↓

lemma integral_indicator_finite_valued:
  fixes \<kappa> :: "'a \<Rightarrow> 'b" and f :: "'b \<Rightarrow> real"
  assumes "finite_measure M" and finite: "finite (\<kappa> ` space M)" and S: "S \<in> sets M"
    and level: "\<And>k. {\<omega>\<in>space M. \<kappa> \<omega> = k} \<in> sets M"
  shows "(\<integral>\<omega>. indicator S \<omega> * f (\<kappa> \<omega>) \<partial>M)
    = (\<Sum>k\<in>\<kappa> ` space M. measure M (S \<inter> {\<omega>\<in>space M. \<kappa> \<omega> = k}) * f k)"
proof -
  interpret finite_measure M by fact
  let ?level = "\<lambda>k. S \<inter> {\<omega>\<in>space M. \<kappa> \<omega> = k}"
  have "(\<integral>\<omega>. indicator S \<omega> * f (\<kappa> \<omega>) \<partial>M)
      = (\<integral>\<omega>. (\<Sum>k\<in>\<kappa> ` space M. indicator (?level k) \<omega> * f k) \<partial>M)"
  proof (rule Bochner_Integration.integral_cong[OF refl])
    fix \<omega>
    assume "\<omega> \<in> space M"
    then have "(\<Sum>k\<in>\<kappa> ` space M. indicator (?level k) \<omega> * f k)
        = (\<Sum>k\<in>\<kappa> ` space M. if k = \<kappa> \<omega> then indicator S \<omega> * f k else 0)"
      by (intro sum.cong) (auto simp: indicator_def)
    also have "\<dots> = indicator S \<omega> * f (\<kappa> \<omega>)"
      using finite \<open>\<omega> \<in> space M\<close> by (simp add: sum.delta')
    finally show "indicator S \<omega> * f (\<kappa> \<omega>) = (\<Sum>k\<in>\<kappa> ` space M. indicator (?level k) \<omega> * f k)"
      by simp
  qed
  also have "\<dots> = (\<Sum>k\<in>\<kappa> ` space M. measure M (?level k) * f k)"
    using S level by (simp add: emeasure_eq_measure)
  finally show ?thesis .
qed

lemma space_MZ [simp]: "space MZ = UNIV"
  by (simp add: MZ_def space_PiM)

lemma space_MN [simp]: "space MN = UNIV"
  by (simp add: MN_def space_PiM)

lemma measurable_component_MZ: "(\<lambda>\<omega>. \<omega> i) \<in> measurable MZ (count_space UNIV)"
  unfolding MZ_def by (rule measurable_component_singleton) simp

lemma measurable_component_MN: "(\<lambda>x. x i) \<in> measurable MN (count_space UNIV)"
  unfolding MN_def by (rule measurable_component_singleton) simp

lemma measurable_PiM_count_space_componentwise:
  assumes "\<And>i. (\<lambda>\<omega>. f \<omega> i) \<in> measurable M (count_space UNIV)"
  shows "f \<in> measurable M (PiM UNIV (\<lambda>_. count_space UNIV))"
proof -
  have "(\<lambda>\<omega> i. f \<omega> i) \<in> measurable M (PiM UNIV (\<lambda>_. count_space UNIV))"
    using assms by (intro measurable_PiM_single'[where f="\<lambda>i \<omega>. f \<omega> i"]) auto
  then show ?thesis
    by simp
qed

lemma measurable_past: "past \<in> measurable MZ MN"
  unfolding past_def MN_def
  by (rule measurable_PiM_count_space_componentwise) (rule measurable_component_MZ)

lemma measurable_future: "future \<in> measurable MZ MN"
  unfolding future_def MN_def
  by (rule measurable_PiM_count_space_componentwise) (rule measurable_component_MZ)

lemma measurable_shiftZ_pow: "(\<lambda>\<omega> i. \<omega> (i + int n)) \<in> measurable MZ MZ"
  unfolding MZ_def
  by (rule measurable_PiM_count_space_componentwise) (rule measurable_component_MZ[unfolded MZ_def])

lemma measurable_shiftN_pow: "(\<lambda>x i. x (i + n)) \<in> measurable MN MN"
  unfolding MN_def
  by (rule measurable_PiM_count_space_componentwise) (rule measurable_component_MN[unfolded MN_def])

lemma sets_cyl: "cyl w \<in> sets MN"
proof -
  have component_eq: "{x. x i = c} \<in> sets MN" for i c
    using measurable_sets[OF measurable_component_MN, of "{c}" i] by (simp add: vimage_def)
  have "{x\<in>space MN. \<forall>i\<in>{..<length w}. x i = w ! i} \<in> sets MN"
    by (rule sets.sets_Collect_finite_All) (simp_all add: component_eq)
  moreover have "{x\<in>space MN. \<forall>i\<in>{..<length w}. x i = w ! i} = cyl w"
    by (auto simp: cyl_def)
  ultimately show ?thesis
    by simp
qed

lemma sets_shift_pre: "B \<in> sets MN \<Longrightarrow> shift_pre n B \<in> sets MN"
  using measurable_sets[OF measurable_shiftN_pow, of B n] by (simp add: shift_pre_def vimage_def)

lemma shift_invariant_iterate:
  assumes "sets P = sets MZ" and "shift_invariant P"
  shows "distr P MZ (\<lambda>\<omega> i. \<omega> (i + int n)) = P"
proof (induction n)
  case 0
  show ?case
    using distr_id2[of MZ P] assms(1) by simp
next
  case (Suc n)
  have shift: "shiftZ \<in> measurable MZ MZ"
    using measurable_shiftZ_pow[of 1] unfolding shiftZ_def by simp
  have "distr (distr P MZ shiftZ) MZ (\<lambda>\<omega> i. \<omega> (i + int n))
      = distr P MZ ((\<lambda>\<omega> i. \<omega> (i + int n)) \<circ> shiftZ)"
    using shift measurable_cong_sets[OF assms(1) refl]
    by (intro distr_distr measurable_shiftZ_pow) auto
  also have "(\<lambda>\<omega> i. \<omega> (i + int n)) \<circ> shiftZ = (\<lambda>\<omega> i. \<omega> (i + int (Suc n)))"
    by (auto simp: shiftZ_def algebra_simps)
  finally have "distr P MZ (\<lambda>\<omega> i. \<omega> (i + int (Suc n)))
      = distr (distr P MZ shiftZ) MZ (\<lambda>\<omega> i. \<omega> (i + int n))" ..
  then show ?case
    using assms(2) Suc.IH by (simp add: shift_invariant_def)
qed

lemma vimage_future_cyl_shift_pre:
  "future -` (cyl w \<inter> shift_pre (length w) B)
    = (\<lambda>\<omega> i. \<omega> (i + int (length w))) -` {\<omega>. past \<omega> \<in> cyl (rev w) \<and> future \<omega> \<in> B}"
proof -
  have "(\<forall>i<length w. \<omega> (int i + 1) = w ! i) \<longleftrightarrow>
      (\<forall>j<length w. \<omega> (int (length w) - int j) = w ! (length w - Suc j))" for \<omega> :: "int \<Rightarrow> _"
    by (subst all_less_reflect) (auto simp: of_nat_diff)
  then show ?thesis
    by (auto simp: past_def future_def cyl_def shift_pre_def rev_nth algebra_simps)
qed

lemma tau_PN_eq_past_future:
  fixes P :: "(int \<Rightarrow> 'd) measure"
  assumes sets_P: "sets P = sets MZ" and "shift_invariant P" and B: "B \<in> sets MN"
  shows "tau w (PN P) B = measure P {\<omega>. past \<omega> \<in> cyl (rev w) \<and> future \<omega> \<in> B}"
proof -
  define n where "n = length w"
  define shift :: "(int \<Rightarrow> 'd) \<Rightarrow> int \<Rightarrow> 'd" where "shift = (\<lambda>\<omega> i. \<omega> (i + int n))"
  define S where "S = {\<omega>. past \<omega> \<in> cyl (rev w) \<and> future \<omega> \<in> B}"
  have space_P: "space P = UNIV"
    using sets_eq_imp_space_eq[OF sets_P] by simp
  have future: "future \<in> measurable P MN"
    using measurable_future measurable_cong_sets[OF sets_P refl] by blast
  have S: "S \<in> sets MZ"
  proof -
    have "past -` cyl (rev w) \<inter> future -` B \<in> sets MZ"
      using measurable_sets[OF measurable_past sets_cyl] measurable_sets[OF measurable_future B]
      by auto
    then show ?thesis
      by (simp add: S_def vimage_def Collect_conj_eq)
  qed
  have cyl_shift_pre: "cyl w \<inter> shift_pre n B \<in> sets MN"
    using sets_cyl sets_shift_pre[OF B] by blast
  have vimage_future: "future -` (cyl w \<inter> shift_pre n B) = shift -` S"
    unfolding shift_def S_def n_def by (rule vimage_future_cyl_shift_pre)
  have "tau w (PN P) B = measure P (future -` (cyl w \<inter> shift_pre n B))"
    using B measure_distr[OF future cyl_shift_pre] by (simp add: tau_def PN_def n_def space_P)
  also have "\<dots> = measure P (shift -` S)"
    by (simp only: vimage_future)
  also have "\<dots> = measure (distr P MZ shift) S"
  proof -
    have "shift \<in> measurable P MZ"
      unfolding shift_def measurable_cong_sets[OF sets_P refl] by (rule measurable_shiftZ_pow)
    then show ?thesis
      using measure_distr[of shift P MZ S] S by (simp add: space_P)
  qed
  also have "\<dots> = measure P S"
    using shift_invariant_iterate[OF sets_P assms(2)] by (simp add: shift_def)
  finally show ?thesis
    by (simp add: S_def)
qed

lemma vector_space_fscale: "vector_space fscale"
  by unfold_locales (auto simp: fscale_def fun_eq_iff algebra_simps)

↑

- **Exercise requirements**: Each line above that includes the word "assms" is to be copied.

- **Response**:
    using assms by (intro measurable_PiM_single'[where f="\<lambda>i \<omega>. f \<omega> i"]) auto
    using distr_id2[of MZ P] assms(1) by simp
    using shift measurable_cong_sets[OF assms(1) refl]
    using assms(2) Suc.IH by (simp add: shift_invariant_def)
    using shift_invariant_iterate[OF sets_P assms(2)] by (simp add: shift_def)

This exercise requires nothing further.